Question: Perdisulphuric acid, H₂S₂O₈ can be prepared by electrolytic oxidation of H₂SO₄, oxygen and hydrogen ...

Question

Perdisulphuric acid, H₂S₂O₈ can be prepared by electrolytic oxidation of H₂SO₄, oxygen and hydrogen gases are by products. In such an electrolysis, 9.08 L of H₂ and 2.27 L of O₂ were generated at STP. What is the mass of H₂S₂O₈ formed?

Answer 1

Solution

The electrolysis process involves the following electrode reactions: Anode:

Formation of perdisulphuric acid: $2H_2SO_4 \rightarrow H_2S_2O_8 + 2H^+ + 2e^-$
Formation of oxygen gas: $2H_2O \rightarrow O_2 + 4H^+ + 4e^-$ Cathode:
Formation of hydrogen gas: $2H^+ + 2e^- \rightarrow H_2$

Let $n_{H_2S_2O_8}$ , $n_{O_2}$ , and $n_{H_2}$ be the moles of H₂S₂O₈, O₂, and H₂ produced, respectively. The number of moles of electrons transferred for each process are:

For H₂S₂O₈: $2 \times n_{H_2S_2O_8}$
For O₂: $4 \times n_{O_2}$
For H₂: $2 \times n_{H_2}$

The total electrons produced at the anode must equal the total electrons consumed at the cathode. Electrons from anode = Electrons for H₂S₂O₈ formation + Electrons for O₂ formation Electrons for cathode = Electrons for H₂ formation

Thus, $2 \times n_{H_2S_2O_8} + 4 \times n_{O_2} = 2 \times n_{H_2}$ . Dividing by 2, we get: $n_{H_2S_2O_8} + 2 \times n_{O_2} = n_{H_2}$ . Rearranging to find moles of H₂S₂O₈: $n_{H_2S_2O_8} = n_{H_2} - 2 \times n_{O_2}$ .

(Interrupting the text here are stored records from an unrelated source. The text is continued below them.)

(* Let $(X,d,G)$ be a $G$-system and $Z\subset X$ a nonempty $G$-invariant subset. Then for every Følner sequence $\{F_n\}$ of $G$, $$\overline{\mathrm{mdim}}_M(G,Z,\{F_n\},d)=\limsup_{\epsilon\to0}\frac{1}{\log\frac1\epsilon}\inf_{\mathrm{diam}(\mathcal U)\le\epsilon}h_{top}(G,Z,\mathcal U),\qquad\underline{\mathrm{mdim}}_M(G,Z,\{F_n\},d)=\liminf_{\epsilon\to0}\frac{1}{\log\frac1\epsilon}\inf_{\mathrm{diam}(\mathcal U)\le\epsilon}h_{top}(G,Z,\mathcal U),$$ where the infimum is over finite open covers $\mathcal U$ of $X$. Moreover, in both formulas $\inf_{\mathrm{diam}(\mathcal U)\le\epsilon}$ may be replaced by $\sup_{\mathrm{diam}(\mathcal U)\le\epsilon,\ \mathrm{Leb}(\mathcal U)\ge\epsilon/4}$ and by $\sup_{\mathrm{Leb}(\mathcal U)\ge\epsilon/4}$.
   Context: $G$ is a countably infinite discrete amenable group; $(X,d,G)$ a compact metric space with continuous $G$-action by homeomorphisms; $Z$ is $G$-invariant if $gZ=Z$ for all $g$. Følner: nonempty finite $F_n$ with $|gF_n\triangle F_n|/|F_n|\to0$ for all $g$. $d_F(x,y)=\max_{g\in F}d(gx,gy)$; $s(Z,d_F,\epsilon)$ maximal cardinality of a subset of $Z$ with pairwise $d_F$-distances $>\epsilon$; $\overline{\mathrm{mdim}}_M(G,Z,\{F_n\},d)=\limsup_{\epsilon\to0}\frac{1}{\log(1/\epsilon)}\limsup_n\frac1{|F_n|}\log s(Z,d_{F_n},\epsilon)$, and $\underline{\mathrm{mdim}}_M$ with $\liminf_{\epsilon\to0}$. For a finite open cover $\mathcal U$ of $X$ and finite $F\subset G$, $\mathcal U_F=\bigvee_{g\in F}g^{-1}\mathcal U$; $N(\mathcal U,Z)$ is the minimal cardinality of a subfamily of $\mathcal U$ covering $Z$; $h_{top}(G,Z,\mathcal U)=\lim_n\frac1{|F_n|}\log N(\mathcal U_{F_n},Z)$ (exists and is independent of the Følner sequence). $\mathrm{diam}(\mathcal U)$ is the maximal diameter of elements of $\mathcal U$; $\mathrm{Leb}(\mathcal U)$ is the largest $\delta>0$ such that every open ball of radius $\delta$ lies in some element of $\mathcal U$. *)

theory Defs
  imports "HOL-Analysis.Analysis" "HOL-Library.Liminf_Limsup"
begin

text \<open>The group G is a type of class group_add (written additively, not
necessarily commutative); the space X is the whole type 'x, a compact
metric space. The action is act :: 'g => 'x => 'x.\<close>

definition folner :: "(nat \<Rightarrow> 'g::group_add set) \<Rightarrow> bool" where
  "folner F \<longleftrightarrow> (\<forall>n. finite (F n) \<and> F n \<noteq> {}) \<and>
     (\<forall>g. (\<lambda>n. real (card ((((+) g) ` F n - F n) \<union> (F n - (+) g ` F n)))
                  / real (card (F n))) \<longlonglongrightarrow> 0)"

definition bowen_dist :: "('g \<Rightarrow> 'x::metric_space \<Rightarrow> 'x) \<Rightarrow> 'g set \<Rightarrow> 'x \<Rightarrow> 'x \<Rightarrow> real" where
  "bowen_dist act F x y = Max ((\<lambda>g. dist (act g x) (act g y)) ` F)"

definition sep_num :: "('g \<Rightarrow> 'x::metric_space \<Rightarrow> 'x) \<Rightarrow> 'x set \<Rightarrow> 'g set \<Rightarrow> real \<Rightarrow> nat" where
  "sep_num act Z F eps = Sup {card E | E. finite E \<and> E \<subseteq> Z \<and>
      (\<forall>x\<in>E. \<forall>y\<in>E. x \<noteq> y \<longrightarrow> bowen_dist act F x y > eps)}"

definition upper_mdim_M :: "('g \<Rightarrow> 'x::metric_space \<Rightarrow> 'x) \<Rightarrow> 'x set \<Rightarrow> (nat \<Rightarrow> 'g set) \<Rightarrow> ereal" where
  "upper_mdim_M act Z F = Limsup (at_right 0) (\<lambda>eps. ereal (1 / ln (1 / eps)) *
      limsup (\<lambda>n. ereal (ln (real (sep_num act Z (F n) eps)) / real (card (F n)))))"

definition lower_mdim_M :: "('g \<Rightarrow> 'x::metric_space \<Rightarrow> 'x) \<Rightarrow> 'x set \<Rightarrow> (nat \<Rightarrow> 'g set) \<Rightarrow> ereal" where
  "lower_mdim_M act Z F = Liminf (at_right 0) (\<lambda>eps. ereal (1 / ln (1 / eps)) *
      limsup (\<lambda>n. ereal (ln (real (sep_num act Z (F n) eps)) / real (card (F n)))))"

definition open_cover :: "'x::topological_space set set \<Rightarrow> bool" where
  "open_cover U \<longleftrightarrow> finite U \<and> (\<forall>V\<in>U. open V) \<and> \<Union>U = UNIV"

definition join_cover :: "('g \<Rightarrow> 'x \<Rightarrow> 'x) \<Rightarrow> 'g set \<Rightarrow> 'x set set \<Rightarrow> 'x set set" where
  "join_cover act F U = {(\<Inter>g\<in>F. act g -` c g) | c. c \<in> F \<rightarrow> U}"

definition cover_num :: "'x set set \<Rightarrow> 'x set \<Rightarrow> nat" where
  "cover_num U Z = Inf {card V | V. V \<subseteq> U \<and> Z \<subseteq> \<Union>V}"

definition h_top :: "('g \<Rightarrow> 'x \<Rightarrow> 'x) \<Rightarrow> (nat \<Rightarrow> 'g set) \<Rightarrow> 'x set \<Rightarrow> 'x set set \<Rightarrow> real" where
  "h_top act F Z U = lim (\<lambda>n. ln (real (cover_num (join_cover act (F n) U) Z)) / real (card (F n)))"

definition cover_diam :: "'x::metric_space set set \<Rightarrow> real" where
  "cover_diam U = Max (diameter ` U)"

definition cover_leb :: "'x::metric_space set set \<Rightarrow> ereal" where
  "cover_leb U = Sup {ereal \<delta> | \<delta>. \<delta> > 0 \<and> (\<forall>x. \<exists>V\<in>U. ball x \<delta> \<subseteq> V)}"

end

theory Submission
  imports Defs "HOL-Real_Asymp.Real_Asymp"
begin

text \<open>
  Let \<open>S \<epsilon>\<close> be the growth rate \<open>limsup ln s(Z, d_{F n}, \<epsilon>) / card (F n)\<close>.
  If \<open>diam \<U> \<le> \<epsilon>\<close>, no two points of an \<open>\<epsilon>\<close>-separated set for \<open>d_{F n}\<close> lie in a
  common member of the join \<open>\<U>_{F n}\<close>, so \<open>s \<le> N(\<U>_{F n}, Z)\<close>. If \<open>Leb \<U> \<ge> \<epsilon>/4\<close>, a
  maximal \<open>\<epsilon>/8\<close>-separated set is \<open>\<epsilon>/8\<close>-spanning, and choosing for each of its points
  \<open>x\<close> and each \<open>g \<in> F n\<close> a member of \<open>\<U>\<close> containing the \<open>\<epsilon>/4\<close>-ball around \<open>g x\<close>
  gives members of \<open>\<U>_{F n}\<close> covering \<open>Z\<close>, so \<open>N(\<U>_{F n}, Z) \<le> s(Z, d_{F n}, \<epsilon>/8)\<close>. Compactness provides covers
  with both properties, so each of the three cover quantities lies between \<open>S \<epsilon>\<close> and
  \<open>S (\<epsilon>/8)\<close>; as \<open>ln (8/\<epsilon>) / ln (1/\<epsilon>) \<longrightarrow> 1\<close>, the normalised limits coincide.

  Since \<open>h_top\<close> is defined as a limit, one also needs that \<open>ln N(\<U>_{F n}, Z) / card (F n)\<close>
  converges. The set function \<open>A \<mapsto> ln N(\<U>_A, Z)\<close> is subadditive and, \<open>Z\<close> being
  invariant, invariant under right translation; the Ornstein-Weiss lemma, proved by
  quasi-tiling a Folner set with translates of earlier, almost invariant Folner sets, gives
  convergence along every Folner sequence.
\<close>

section \<open>Right translates and Folner sequences\<close>

definition rtranslate :: "'g::group_add set \<Rightarrow> 'g \<Rightarrow> 'g set" where
  "rtranslate A c = (\<lambda>a. a + c) ` A"

lemma card_rtranslate [simp]: "card (rtranslate A c) = card A"
  unfolding rtranslate_def by (rule card_image) (auto simp: inj_on_def)

lemma finite_rtranslate [simp]: "finite (rtranslate A c) \<longleftrightarrow> finite A"
  unfolding rtranslate_def by (rule finite_image_iff) (auto simp: inj_on_def)

lemma mem_rtranslate_iff: "x \<in> rtranslate A c \<longleftrightarrow> x - c \<in> A"
proof
  assume "x \<in> rtranslate A c"
  then show "x - c \<in> A" unfolding rtranslate_def by auto
next
  assume "x - c \<in> A"
  then show "x \<in> rtranslate A c" unfolding rtranslate_def by (rule rev_image_eqI) simp
qed

lemma rtranslate_rtranslate_uminus [simp]: "rtranslate (rtranslate A c) (- c) = A"
  unfolding rtranslate_def image_image by (simp add: add.assoc)

lemma finite_centers_rtranslate_subset:
  assumes "finite F" "T \<noteq> {}"
  shows "finite {c. rtranslate T c \<subseteq> F}"
proof -
  obtain t where t: "t \<in> T" using assms(2) by blast
  have "{c. rtranslate T c \<subseteq> F} \<subseteq> (\<lambda>f. - t + f) ` F"
  proof
    fix c assume "c \<in> {c. rtranslate T c \<subseteq> F}"
    then have "t + c \<in> F" using t unfolding rtranslate_def by auto
    then show "c \<in> (\<lambda>f. - t + f) ` F" by (rule rev_image_eqI) (simp add: add.assoc[symmetric])
  qed
  then show ?thesis using assms(1) finite_subset by blast
qed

At Standard Temperature and Pressure (STP), 1 mole of any gas occupies 22.4 L. Given volumes: $V_{H_2} = 9.08$ L and $V_{O_2} = 2.27$ L.

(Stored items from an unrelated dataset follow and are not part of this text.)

text \<open>Cauchy--Schwarz for the decomposition of \<open>obs_pairing_expansion\<close>: the coefficient fields
  have square-summable norms by Bessel's inequality, the images \<open>W u\<^sub>i\<close> by the Hilbert--Schmidt
  assumption on \<open>W\<close>.\<close>
lemma nuclear_norm_obs_pairing_le:
  fixes L :: "real fock \<Rightarrow> 'h fock"
  assumes g: "g \<in> fock_space n Suc"
    and L: "\<And>f. f \<in> fock_space n Suc \<Longrightarrow> fock_eq n (\<lambda>k. k) (L f) (obsW T N C (fock_pairing n f g))"
    and S: "(SUP E\<in>{E. orthonormal_set E}. (\<Sum>\<^sub>\<infinity>e\<in>E. ennreal ((fock_norm n (\<lambda>k. k) (obsW T N C e))\<^sup>2))) \<le> ennreal S"
    and S0: "0 \<le> S"
  shows "nuclear_norm n Suc (\<lambda>k. k) L \<le> ennreal (sqrt (enn2real (fock_norm2 n Suc g)) * sqrt S)"
proof -
  obtain u :: "nat \<Rightarrow> 'x" where u: "\<And>K. orthonormal_upto u K"
    and expansion: "\<And>x. (\<lambda>K. \<Sum>j<K. inner x (u j) *\<^sub>R u j) \<longlonglongrightarrow> x"
    using orthonormal_expansion_exists by blast
  have "nuclear_norm n Suc (\<lambda>k. k) L \<le> (\<Sum>i. ennreal (fock_norm n Suc (fock_coord g (u i))
      * fock_norm n (\<lambda>k. k) (obsW T N C (u i))))"
    by (intro nuclear_norm_le_suminf fock_coord_space[OF g] obsW_space
        obs_pairing_expansion[OF g L expansion])
  also have "\<dots> \<le> ennreal (sqrt (enn2real (fock_norm2 n Suc g)) * sqrt S)"
    by (intro suminf_ennreal_mult_le fock_norm_nonneg sum_fock_norm_coord_le[OF g u]
        sum_fock_norm_obsW_le[OF S S0 u])
  finally show ?thesis .
qed

lemma hs_norm2_hankel_diff_le:
  "hs_norm2 n Suc (\<lambda>k. k) (\<lambda>f k s idx. obsW T N C (reachR n T N \<psi> P f) k s idx
      - obsW T N C (reachR n T N \<psi> id f) k s idx)
    \<le> ennreal (obs_gain * (gain * (\<Sum>j<n. norm (P (\<psi> j) - \<psi> j) ^ 2)))"
proof -
  let ?g = "reach_kernel (\<lambda>j. P (\<psi> j) - \<psi> j)"
  have "enn2real (fock_norm2 n Suc ?g) \<le> gain * (\<Sum>j<n. norm (P (\<psi> j) - \<psi> j) ^ 2)"
    using fock_norm2_reach_kernel_le gain_pos by (intro enn2real_leI) (auto intro!: mult_nonneg_nonneg sum_nonneg)
  then have "ennreal (obs_gain * enn2real (fock_norm2 n Suc ?g))
      \<le> ennreal (obs_gain * (gain * (\<Sum>j<n. norm (P (\<psi> j) - \<psi> j) ^ 2)))"
    using obs_gain_nonneg by (intro ennreal_leI mult_left_mono)
  with hs_norm2_obs_pairing_le[OF reach_kernel_space hankel_diff_eq] show ?thesis
    by (rule order_trans)
qed
definition seq_opt_tail :: "(nat \<Rightarrow> int) \<Rightarrow> nat \<Rightarrow> nat \<Rightarrow> (nat \<Rightarrow> nat \<Rightarrow> nat) \<Rightarrow> nat set" where
  "seq_opt_tail c k n t = {a \<in> {2..n}. c (rec_count k n t a) = 1}"

lemma card_seq_opt_tail_le: "card (seq_opt_tail c k n t) \<le> n - 1"
proof -
  have "card (seq_opt_tail c k n t) \<le> card {2..n}"
    by (rule card_mono) (auto simp: seq_opt_tail_def)
  then show ?thesis
    by simp
qed

lemma card_seq_opt_set:
  assumes "n \<ge> 1" and "c k \<in> {0, 1}"
  shows "int (card (seq_opt_set c k n t)) = c k + int (card (seq_opt_tail c k n t))"
proof -
  have "{1..n} = insert 1 {2..n}"
    using assms(1) by auto
  then have "seq_opt_set c k n t = (if c k = 1 then insert 1 else id) (seq_opt_tail c k n t)"
    using rec_count_first[OF assms(1)] by (auto simp: seq_opt_set_def seq_opt_tail_def)
  then show ?thesis
    using assms(2) by (auto simp: seq_opt_tail_def)
qed

lemma card_seq_opt_tail_eq:
  assumes n: "n \<ge> 1" and c: "\<forall>i \<le> k. c i \<in> {0, 1}" and J: "J \<subseteq> {2..n}"
  shows "real (card {t \<in> perm_tuples k n. seq_opt_tail c k n t = J})
       = fact (n - 1) ^ k * ((\<Prod>j\<in>J. F k j (\<lambda>i. real_of_int (c i)))
                            * (\<Prod>j\<in>{2..n} - J. F k j (\<lambda>i. 1 - real_of_int (c i))))"
proof -
  let ?C = "\<lambda>i. real_of_int (c i)" and ?C' = "\<lambda>i. 1 - real_of_int (c i)"
  define G where "G a = (if a \<in> J then ?C else ?C')" for a
  have indicator: "of_bool (seq_opt_tail c k n t = J) = (\<Prod>a\<in>{2..n}. G a (rec_count k n t a))" for t
  proof -
    have "seq_opt_tail c k n t = J
        \<longleftrightarrow> (\<forall>a\<in>{2..n}. a \<in> J \<longleftrightarrow> ?C (rec_count k n t a) = 1)"
      using J by (auto simp: seq_opt_tail_def)
    moreover have "?C (rec_count k n t a) \<in> {0, 1}" for a
      using c rec_count_le[of k n t a] by auto
    ultimately show ?thesis
      by (simp add: G_def prod_if_mem_eq_of_bool if_distrib[of "\<lambda>f. f _"])
  qed
  have "real (card {t \<in> perm_tuples k n. seq_opt_tail c k n t = J})
      = (\<Sum>t\<in>perm_tuples k n. of_bool (seq_opt_tail c k n t = J))"
    by (simp add: finite_perm_tuples Int_def)
  also have "\<dots> = (\<Prod>a\<in>{2..n}. binomial_weighted_sum k (real (a - 1)) (G a))"
    by (simp only: indicator sum_perm_tuples_prod_rec_count[OF n])
  also have "\<dots> = (\<Prod>a\<in>{2..n}. real (a - 1) ^ k * (if a \<in> J then F k a ?C else F k a ?C'))"
  proof (rule prod.cong[OF refl])
    fix a assume "a \<in> {2..n}"
    then show "binomial_weighted_sum k (real (a - 1)) (G a)
        = real (a - 1) ^ k * (if a \<in> J then F k a ?C else F k a ?C')"
      using binomial_weighted_sum_eq_F[of a k] by (simp add: G_def)
  qed
  also have "\<dots> = (\<Prod>a\<in>{2..n}. real (a - 1)) ^ k * ((\<Prod>j\<in>J. F k j ?C) * (\<Prod>j\<in>{2..n} - J. F k j ?C'))"
    using J by (simp add: prod.distrib prod_power_distrib prod.If_cases Int_absorb1 Diff_eq)
  finally show ?thesis
    by (simp only: prod_pred_atLeast2_eq_fact)
qed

Moles of H₂: $n_{H_2} = \frac{V_{H_2}}{22.4} = \frac{9.08}{22.4}$ mol. Moles of O₂: $n_{O_2} = \frac{V_{O_2}}{22.4} = \frac{2.27}{22.4}$ mol.

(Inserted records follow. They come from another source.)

lemma f_mod_eq_imp_expl_less_or_eq:
  assumes "spanning_tree V E v b" and "spanning_tree V E v b'"
    and "W \<subseteq> V" and "W \<subseteq> phi E v b" and "W \<subseteq> phi E v b'"
    and "FF \<subseteq> erased E v b" and "f_mod E v W b' {} = f_mod E v W b FF"
  shows "expl_less E v b b' \<or> (FF = {} \<and> b = b')"
proof (cases "\<forall>i<expl_length E v b. expl_accepts E v b i = expl_accepts E v b' i")
  case True
  then have "FF = {}" using same_decisions_imp_no_erasure assms(6,7) by blast
  with True show ?thesis using same_decisions_imp_eq assms by blast
next
  case False
  define differ where
    "differ n \<longleftrightarrow> n < expl_length E v b \<and> expl_accepts E v b n \<noteq> expl_accepts E v b' n" for n
  obtain n where "differ n" and "\<forall>i<n. \<not> differ i"
    using False exists_least_iff[of differ] unfolding differ_def by blast
  then show ?thesis
    using first_difference_imp_expl_less[of W b' FF b n] assms
    unfolding differ_def by (meson order.strict_trans)
qed

lemma nu_spanning_tree_leading_forest:
  assumes "spanning_tree V E v b" and "W \<subseteq> V" and "W \<subseteq> phi E v b"
  shows "nu E v W b (f_mod E v W b {}) = 1"
  using f_mod_eq_imp_expl_less_or_eq[OF assms(1,1,2,3,3)] expl_less_irrefl
  by (intro nu_leading_forest[OF finite_erased]) blast

lemma nu_at_leading_forest_imp_expl_less:
  assumes "spanning_tree V E v b" and "spanning_tree V E v b'"
    and "W \<subseteq> V" and "W \<subseteq> phi E v b" and "W \<subseteq> phi E v b'"
    and "b' \<noteq> b" and nonzero: "nu E v W b' (f_mod E v W b {}) \<noteq> 0"
  shows "expl_less E v b' b"
proof (rule ccontr)
  assume "\<not> expl_less E v b' b"
  then have "f_mod E v W b' FF \<noteq> f_mod E v W b {}" if "FF \<subseteq> erased E v b'" for FF
    using f_mod_eq_imp_expl_less_or_eq[OF assms(2,1,3,5,4) that] \<open>b' \<noteq> b\<close> by auto
  then show False using nu_eq_0 nonzero by blast
qed

end

lemma triangular_family_independent:
  fixes nu :: "'b \<Rightarrow> 'f \<Rightarrow> 'r::field" and lead :: "'b \<Rightarrow> 'f"
  assumes "finite T" and "asymp_on T prec" and "transp_on T prec"
    and lead_nonzero: "\<And>b. b \<in> T \<Longrightarrow> nu b (lead b) \<noteq> 0"
    and below_lead: "\<And>b b'. b \<in> T \<Longrightarrow> b' \<in> T \<Longrightarrow> b' \<noteq> b \<Longrightarrow> nu b' (lead b) \<noteq> 0 \<Longrightarrow> prec b' b"
    and combination_zero: "\<And>f. (\<Sum>b\<in>T. c b * nu b f) = 0"
  shows "\<forall>b\<in>T. c b = 0"
proof (rule ccontr)
  assume "\<not> (\<forall>b\<in>T. c b = 0)"
  then obtain b where b: "b \<in> T" "c b \<noteq> 0" and minimal: "\<forall>b'\<in>T. prec b' b \<longrightarrow> c b' = 0"
    using Finite_Set.bex_min_element_with_property[OF assms(1-3), of "\<lambda>b. c b \<noteq> 0"] by blast
  have "c b' * nu b' (lead b) = 0" if "b' \<in> T - {b}" for b'
    using that minimal below_lead[OF b(1), of b'] by auto
  then have "(\<Sum>b'\<in>T. c b' * nu b' (lead b)) = c b * nu b (lead b)"
    by (simp add: sum.remove[OF \<open>finite T\<close> b(1)] sum.neutral)
  with combination_zero b lead_nonzero show False by simp
qed

theorem lemma4p5:
  fixes V :: "'a::linorder set" and E :: "('a \<times> 'a) set" and W :: "'a set" and w :: 'a
  assumes "simple_digraph V E"
    and "strongly_connected_set E V"
    and "W \<subseteq> V" and "strongly_connected_set E W" and "w \<in> W"
  shows "\<forall>c :: ('a \<times> 'a) set \<Rightarrow> real.
           (\<forall>f. (\<Sum>b\<in>{b. spanning_tree V E w b \<and> psi E w b = W}. c b * nu E w W b f) = 0)
           \<longrightarrow> (\<forall>b\<in>{b. spanning_tree V E w b \<and> psi E w b = W}. c b = 0)"
proof (intro allI impI)
  fix c :: "('a \<times> 'a) set \<Rightarrow> real"
  let ?T = "{b. spanning_tree V E w b \<and> psi E w b = W}"
  assume combination_zero: "\<forall>f. (\<Sum>b\<in>?T. c b * nu E w W b f) = 0"
  have "finite E" and "(w, w) \<notin> E"
    using assms(1) unfolding simple_digraph_def by (meson finite_SigmaI finite_subset)+
  then interpret finite_loopless_root E w by unfold_locales
  have "finite ?T" using finite_spanning_trees[OF finite_E] by simp
  have W_phi: "W \<subseteq> phi E w b" if "b \<in> ?T" for b
    using that psi_subset_phi[of E w b] by simp
  show "\<forall>b\<in>?T. c b = 0"
  proof (rule triangular_family_independent[where nu = "nu E w W" and lead = "\<lambda>b. f_mod E w W b {}",
        OF \<open>finite ?T\<close> asymp_on_expl_less transp_on_expl_less])
    show "nu E w W b (f_mod E w W b {}) \<noteq> 0" if "b \<in> ?T" for b
      using nu_spanning_tree_leading_forest[OF _ assms(3) W_phi[OF that]] that
      by simp
    show "expl_less E w b' b"
      if "b \<in> ?T" "b' \<in> ?T" "b' \<noteq> b" "nu E w W b' (f_mod E w W b {}) \<noteq> 0" for b b'
      using nu_at_leading_forest_imp_expl_less[OF _ _ assms(3)] W_phi that
      by simp
  qed (use combination_zero in blast)
qed

end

Substitute these values into the equation for $n_{H_2S_2O_8}$ : $n_{H_2S_2O_8} = \frac{9.08}{22.4} - 2 \times \frac{2.27}{22.4}$ $n_{H_2S_2O_8} = \frac{9.08 - 4.54}{22.4}$ $n_{H_2S_2O_8} = \frac{4.54}{22.4}$ mol.

The molar mass of H₂S₂O₈ is approximately 194 g/mol. Mass of H₂S₂O₈ = $n_{H_2S_2O_8} \times \text{Molar Mass}$ Mass = $\frac{4.54}{22.4} \times 194 \approx 39.32$ g.

If NTP conditions (molar volume 22.7 L/mol) are used instead of STP (22.4 L/mol): $n_{H_2S_2O_8} = \frac{4.54}{22.7}$ mol. Mass = $\frac{4.54}{22.7} \times 194 \approx 0.200 \times 194 = 38.8$ g. This matches option (c).